[Dataset — start]

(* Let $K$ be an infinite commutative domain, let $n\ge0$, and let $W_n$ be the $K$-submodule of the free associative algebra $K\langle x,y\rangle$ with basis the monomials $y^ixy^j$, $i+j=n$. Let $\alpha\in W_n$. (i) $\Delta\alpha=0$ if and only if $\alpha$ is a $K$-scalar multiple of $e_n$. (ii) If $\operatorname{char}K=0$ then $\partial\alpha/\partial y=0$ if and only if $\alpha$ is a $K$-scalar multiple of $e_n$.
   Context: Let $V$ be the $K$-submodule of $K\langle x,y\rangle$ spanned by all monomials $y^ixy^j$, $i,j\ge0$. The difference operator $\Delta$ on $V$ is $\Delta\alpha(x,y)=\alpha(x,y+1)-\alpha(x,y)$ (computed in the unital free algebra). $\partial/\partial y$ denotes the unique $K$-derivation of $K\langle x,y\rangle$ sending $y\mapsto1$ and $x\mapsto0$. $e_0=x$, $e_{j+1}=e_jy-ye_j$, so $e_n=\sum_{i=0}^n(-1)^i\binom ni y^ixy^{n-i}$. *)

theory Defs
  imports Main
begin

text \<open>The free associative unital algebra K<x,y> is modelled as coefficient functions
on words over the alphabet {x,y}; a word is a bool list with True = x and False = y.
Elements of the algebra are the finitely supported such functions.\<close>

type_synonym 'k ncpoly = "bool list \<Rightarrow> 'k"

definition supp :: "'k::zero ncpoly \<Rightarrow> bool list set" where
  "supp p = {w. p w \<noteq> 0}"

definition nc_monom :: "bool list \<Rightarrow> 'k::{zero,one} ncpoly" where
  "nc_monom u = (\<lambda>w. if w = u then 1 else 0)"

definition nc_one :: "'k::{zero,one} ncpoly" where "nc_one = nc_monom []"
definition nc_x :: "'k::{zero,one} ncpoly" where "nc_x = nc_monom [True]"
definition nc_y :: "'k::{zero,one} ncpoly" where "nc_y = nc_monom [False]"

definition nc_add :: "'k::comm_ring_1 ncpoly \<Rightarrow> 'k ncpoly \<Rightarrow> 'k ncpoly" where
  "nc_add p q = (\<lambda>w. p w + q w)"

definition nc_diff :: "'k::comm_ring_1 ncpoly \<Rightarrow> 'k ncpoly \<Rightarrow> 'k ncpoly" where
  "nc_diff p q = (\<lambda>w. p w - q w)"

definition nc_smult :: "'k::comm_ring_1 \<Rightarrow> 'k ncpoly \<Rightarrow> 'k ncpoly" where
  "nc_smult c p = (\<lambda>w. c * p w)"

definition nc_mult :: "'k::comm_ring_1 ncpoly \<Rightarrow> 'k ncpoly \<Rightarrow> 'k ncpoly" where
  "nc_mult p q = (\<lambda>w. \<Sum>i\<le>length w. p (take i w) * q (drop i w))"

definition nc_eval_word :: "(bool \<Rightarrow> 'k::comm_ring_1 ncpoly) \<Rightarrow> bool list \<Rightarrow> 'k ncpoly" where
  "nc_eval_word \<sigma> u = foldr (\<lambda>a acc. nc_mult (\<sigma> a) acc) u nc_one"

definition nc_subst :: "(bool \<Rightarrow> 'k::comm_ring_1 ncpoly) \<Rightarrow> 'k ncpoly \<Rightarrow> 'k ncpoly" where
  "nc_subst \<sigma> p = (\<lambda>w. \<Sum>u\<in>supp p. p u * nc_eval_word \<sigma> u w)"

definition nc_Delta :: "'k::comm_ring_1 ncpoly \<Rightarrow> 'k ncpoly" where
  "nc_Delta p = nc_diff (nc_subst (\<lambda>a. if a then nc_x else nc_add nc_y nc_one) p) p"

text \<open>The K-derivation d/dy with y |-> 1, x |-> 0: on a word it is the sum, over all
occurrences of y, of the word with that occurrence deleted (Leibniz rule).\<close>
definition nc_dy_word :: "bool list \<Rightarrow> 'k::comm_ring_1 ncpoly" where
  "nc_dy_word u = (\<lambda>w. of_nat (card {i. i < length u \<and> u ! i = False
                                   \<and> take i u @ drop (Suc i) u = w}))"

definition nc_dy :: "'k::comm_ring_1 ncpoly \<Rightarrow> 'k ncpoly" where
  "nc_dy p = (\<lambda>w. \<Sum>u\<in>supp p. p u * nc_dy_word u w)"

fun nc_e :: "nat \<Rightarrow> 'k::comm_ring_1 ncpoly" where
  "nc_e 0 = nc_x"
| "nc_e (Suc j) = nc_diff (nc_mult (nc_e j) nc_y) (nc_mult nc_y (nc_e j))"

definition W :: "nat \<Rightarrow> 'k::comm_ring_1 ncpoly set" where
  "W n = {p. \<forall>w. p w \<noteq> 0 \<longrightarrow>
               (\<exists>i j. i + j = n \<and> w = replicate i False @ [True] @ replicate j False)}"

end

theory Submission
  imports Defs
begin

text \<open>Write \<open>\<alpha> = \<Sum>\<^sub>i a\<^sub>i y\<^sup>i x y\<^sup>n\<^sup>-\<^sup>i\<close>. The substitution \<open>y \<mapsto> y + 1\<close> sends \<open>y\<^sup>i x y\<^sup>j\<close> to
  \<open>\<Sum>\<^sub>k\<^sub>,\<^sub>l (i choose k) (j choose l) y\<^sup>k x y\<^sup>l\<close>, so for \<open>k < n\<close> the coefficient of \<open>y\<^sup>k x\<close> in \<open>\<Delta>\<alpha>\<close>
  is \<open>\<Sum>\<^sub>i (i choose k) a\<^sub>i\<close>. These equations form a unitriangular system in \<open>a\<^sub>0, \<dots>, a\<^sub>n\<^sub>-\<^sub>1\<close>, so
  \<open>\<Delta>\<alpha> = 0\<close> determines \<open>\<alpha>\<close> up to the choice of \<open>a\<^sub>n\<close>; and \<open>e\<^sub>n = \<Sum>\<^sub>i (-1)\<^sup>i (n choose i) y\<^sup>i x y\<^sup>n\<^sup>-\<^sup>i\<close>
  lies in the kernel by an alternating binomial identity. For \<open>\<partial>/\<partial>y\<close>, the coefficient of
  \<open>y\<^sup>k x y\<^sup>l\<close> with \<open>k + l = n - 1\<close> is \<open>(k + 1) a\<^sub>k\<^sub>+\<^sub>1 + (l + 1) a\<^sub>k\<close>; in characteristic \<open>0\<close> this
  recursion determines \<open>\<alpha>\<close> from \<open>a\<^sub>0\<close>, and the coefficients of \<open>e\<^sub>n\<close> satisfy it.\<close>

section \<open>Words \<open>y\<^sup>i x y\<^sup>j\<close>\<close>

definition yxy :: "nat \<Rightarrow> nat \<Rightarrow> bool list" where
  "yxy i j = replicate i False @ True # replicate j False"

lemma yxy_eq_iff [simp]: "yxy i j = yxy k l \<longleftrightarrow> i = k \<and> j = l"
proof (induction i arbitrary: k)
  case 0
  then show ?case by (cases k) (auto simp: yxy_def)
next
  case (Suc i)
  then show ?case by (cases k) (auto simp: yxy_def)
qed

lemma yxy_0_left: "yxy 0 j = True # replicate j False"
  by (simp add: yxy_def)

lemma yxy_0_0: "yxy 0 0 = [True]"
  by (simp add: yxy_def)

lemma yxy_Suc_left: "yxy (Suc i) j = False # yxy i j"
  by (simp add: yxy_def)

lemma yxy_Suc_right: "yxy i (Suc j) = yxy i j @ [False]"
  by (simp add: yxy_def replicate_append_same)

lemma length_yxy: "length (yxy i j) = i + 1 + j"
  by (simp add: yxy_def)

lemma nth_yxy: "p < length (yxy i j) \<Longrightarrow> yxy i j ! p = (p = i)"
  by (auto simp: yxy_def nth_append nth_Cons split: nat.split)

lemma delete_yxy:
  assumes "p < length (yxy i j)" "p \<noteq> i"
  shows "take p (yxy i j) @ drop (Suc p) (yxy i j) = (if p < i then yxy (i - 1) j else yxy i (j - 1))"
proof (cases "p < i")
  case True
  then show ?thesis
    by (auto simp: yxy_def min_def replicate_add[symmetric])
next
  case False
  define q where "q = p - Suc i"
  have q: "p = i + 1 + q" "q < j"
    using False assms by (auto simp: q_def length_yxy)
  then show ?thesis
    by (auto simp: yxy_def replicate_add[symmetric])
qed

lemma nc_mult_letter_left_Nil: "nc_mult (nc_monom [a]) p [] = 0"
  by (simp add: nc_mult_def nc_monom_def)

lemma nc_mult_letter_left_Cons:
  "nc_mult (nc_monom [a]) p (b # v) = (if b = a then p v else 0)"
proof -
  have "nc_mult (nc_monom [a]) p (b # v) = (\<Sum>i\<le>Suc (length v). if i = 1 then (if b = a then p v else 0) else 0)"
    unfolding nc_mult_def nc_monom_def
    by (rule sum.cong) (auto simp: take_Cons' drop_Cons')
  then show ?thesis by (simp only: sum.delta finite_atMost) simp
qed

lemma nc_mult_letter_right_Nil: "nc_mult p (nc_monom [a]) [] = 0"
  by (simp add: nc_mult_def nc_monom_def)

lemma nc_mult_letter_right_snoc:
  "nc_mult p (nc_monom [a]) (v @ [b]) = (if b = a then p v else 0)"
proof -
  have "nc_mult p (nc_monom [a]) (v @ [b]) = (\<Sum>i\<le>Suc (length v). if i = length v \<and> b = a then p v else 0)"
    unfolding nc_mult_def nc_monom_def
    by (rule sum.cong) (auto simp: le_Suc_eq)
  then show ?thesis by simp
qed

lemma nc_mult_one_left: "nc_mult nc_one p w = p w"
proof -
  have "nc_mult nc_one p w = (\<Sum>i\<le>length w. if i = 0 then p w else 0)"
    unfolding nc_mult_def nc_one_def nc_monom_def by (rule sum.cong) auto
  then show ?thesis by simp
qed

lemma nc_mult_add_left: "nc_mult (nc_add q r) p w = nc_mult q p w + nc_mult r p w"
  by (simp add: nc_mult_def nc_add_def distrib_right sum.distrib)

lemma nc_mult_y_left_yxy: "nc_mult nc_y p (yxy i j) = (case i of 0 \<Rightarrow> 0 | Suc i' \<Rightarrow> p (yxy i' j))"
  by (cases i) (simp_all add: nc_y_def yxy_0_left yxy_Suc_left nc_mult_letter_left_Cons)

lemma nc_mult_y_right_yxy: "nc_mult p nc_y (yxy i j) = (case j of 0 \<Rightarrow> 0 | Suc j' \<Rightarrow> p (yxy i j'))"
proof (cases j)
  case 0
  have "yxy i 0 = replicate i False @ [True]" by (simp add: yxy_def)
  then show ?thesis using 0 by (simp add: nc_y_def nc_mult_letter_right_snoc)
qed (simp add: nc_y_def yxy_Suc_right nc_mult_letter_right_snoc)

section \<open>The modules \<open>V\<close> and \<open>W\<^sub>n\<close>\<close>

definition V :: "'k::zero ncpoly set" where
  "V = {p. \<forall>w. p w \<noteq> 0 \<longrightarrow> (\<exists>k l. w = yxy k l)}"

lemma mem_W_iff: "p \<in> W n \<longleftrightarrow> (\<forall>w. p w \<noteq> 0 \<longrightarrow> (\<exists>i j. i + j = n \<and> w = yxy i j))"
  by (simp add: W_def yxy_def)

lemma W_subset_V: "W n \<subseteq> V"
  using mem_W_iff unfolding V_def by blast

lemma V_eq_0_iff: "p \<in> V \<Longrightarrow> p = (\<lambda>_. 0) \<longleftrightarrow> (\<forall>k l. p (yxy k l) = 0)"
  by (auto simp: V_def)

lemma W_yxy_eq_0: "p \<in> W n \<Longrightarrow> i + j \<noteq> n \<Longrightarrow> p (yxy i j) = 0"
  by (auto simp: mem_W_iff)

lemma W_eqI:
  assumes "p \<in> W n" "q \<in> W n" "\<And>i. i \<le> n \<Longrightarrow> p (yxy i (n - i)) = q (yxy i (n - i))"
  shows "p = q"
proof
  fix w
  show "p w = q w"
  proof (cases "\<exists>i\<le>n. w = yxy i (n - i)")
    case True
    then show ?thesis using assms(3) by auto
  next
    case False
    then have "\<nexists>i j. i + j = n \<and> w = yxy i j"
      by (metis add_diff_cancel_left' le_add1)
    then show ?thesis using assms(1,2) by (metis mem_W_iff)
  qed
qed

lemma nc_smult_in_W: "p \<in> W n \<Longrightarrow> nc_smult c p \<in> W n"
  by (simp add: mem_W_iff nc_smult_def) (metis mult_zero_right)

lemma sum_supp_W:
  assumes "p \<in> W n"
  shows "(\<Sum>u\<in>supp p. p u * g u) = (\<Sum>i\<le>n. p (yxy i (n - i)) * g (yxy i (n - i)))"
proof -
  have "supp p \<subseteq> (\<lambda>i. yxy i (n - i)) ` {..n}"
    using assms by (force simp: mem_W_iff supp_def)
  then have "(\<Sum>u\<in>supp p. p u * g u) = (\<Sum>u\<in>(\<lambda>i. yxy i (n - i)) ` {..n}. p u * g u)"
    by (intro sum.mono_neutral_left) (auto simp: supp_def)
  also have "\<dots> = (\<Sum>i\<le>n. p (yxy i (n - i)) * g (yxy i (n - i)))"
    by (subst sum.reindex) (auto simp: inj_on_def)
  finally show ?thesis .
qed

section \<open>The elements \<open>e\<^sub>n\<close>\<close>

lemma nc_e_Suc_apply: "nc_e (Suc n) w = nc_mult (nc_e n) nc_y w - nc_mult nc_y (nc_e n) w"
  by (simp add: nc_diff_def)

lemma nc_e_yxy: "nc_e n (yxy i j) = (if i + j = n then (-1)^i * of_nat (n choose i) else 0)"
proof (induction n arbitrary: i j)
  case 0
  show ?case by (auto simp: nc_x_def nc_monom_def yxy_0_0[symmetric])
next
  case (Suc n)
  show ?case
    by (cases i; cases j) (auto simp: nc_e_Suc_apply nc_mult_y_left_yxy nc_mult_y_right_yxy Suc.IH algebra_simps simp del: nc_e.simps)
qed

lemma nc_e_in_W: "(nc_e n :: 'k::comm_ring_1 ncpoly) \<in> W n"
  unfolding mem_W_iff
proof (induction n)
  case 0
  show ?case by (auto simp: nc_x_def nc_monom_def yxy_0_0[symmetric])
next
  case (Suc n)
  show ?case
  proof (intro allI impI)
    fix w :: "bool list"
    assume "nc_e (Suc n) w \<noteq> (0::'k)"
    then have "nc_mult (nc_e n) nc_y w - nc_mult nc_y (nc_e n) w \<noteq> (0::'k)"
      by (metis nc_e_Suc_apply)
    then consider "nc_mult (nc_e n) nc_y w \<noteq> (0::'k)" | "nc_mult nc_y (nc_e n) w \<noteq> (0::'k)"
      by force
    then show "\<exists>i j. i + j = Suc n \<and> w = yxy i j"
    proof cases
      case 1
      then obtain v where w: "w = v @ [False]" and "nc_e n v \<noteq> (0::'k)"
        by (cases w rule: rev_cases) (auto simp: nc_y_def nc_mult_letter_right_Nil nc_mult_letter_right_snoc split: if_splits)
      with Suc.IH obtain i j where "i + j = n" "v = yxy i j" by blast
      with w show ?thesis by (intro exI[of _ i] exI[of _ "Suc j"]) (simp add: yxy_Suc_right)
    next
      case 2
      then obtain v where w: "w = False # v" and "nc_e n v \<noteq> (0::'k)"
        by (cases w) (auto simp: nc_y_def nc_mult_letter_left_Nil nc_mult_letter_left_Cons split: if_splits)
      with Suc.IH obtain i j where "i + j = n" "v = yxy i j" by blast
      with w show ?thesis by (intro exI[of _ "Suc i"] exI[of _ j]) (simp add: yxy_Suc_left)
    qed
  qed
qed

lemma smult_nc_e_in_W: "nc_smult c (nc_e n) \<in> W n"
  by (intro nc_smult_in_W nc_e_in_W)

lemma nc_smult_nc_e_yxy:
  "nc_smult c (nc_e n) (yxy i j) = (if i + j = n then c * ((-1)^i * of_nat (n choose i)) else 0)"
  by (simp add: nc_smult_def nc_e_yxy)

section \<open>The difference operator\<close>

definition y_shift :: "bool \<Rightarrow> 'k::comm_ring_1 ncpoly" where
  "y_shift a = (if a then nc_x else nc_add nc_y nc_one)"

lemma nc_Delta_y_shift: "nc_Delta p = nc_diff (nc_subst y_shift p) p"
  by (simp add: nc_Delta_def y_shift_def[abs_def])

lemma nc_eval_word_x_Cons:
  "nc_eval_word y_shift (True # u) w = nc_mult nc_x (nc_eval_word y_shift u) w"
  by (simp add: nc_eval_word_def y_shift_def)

[Dataset — finish]

**Exercise aim:** Please state how many lines in the data contain the word "determines", giving only that number.

**Solution:** 2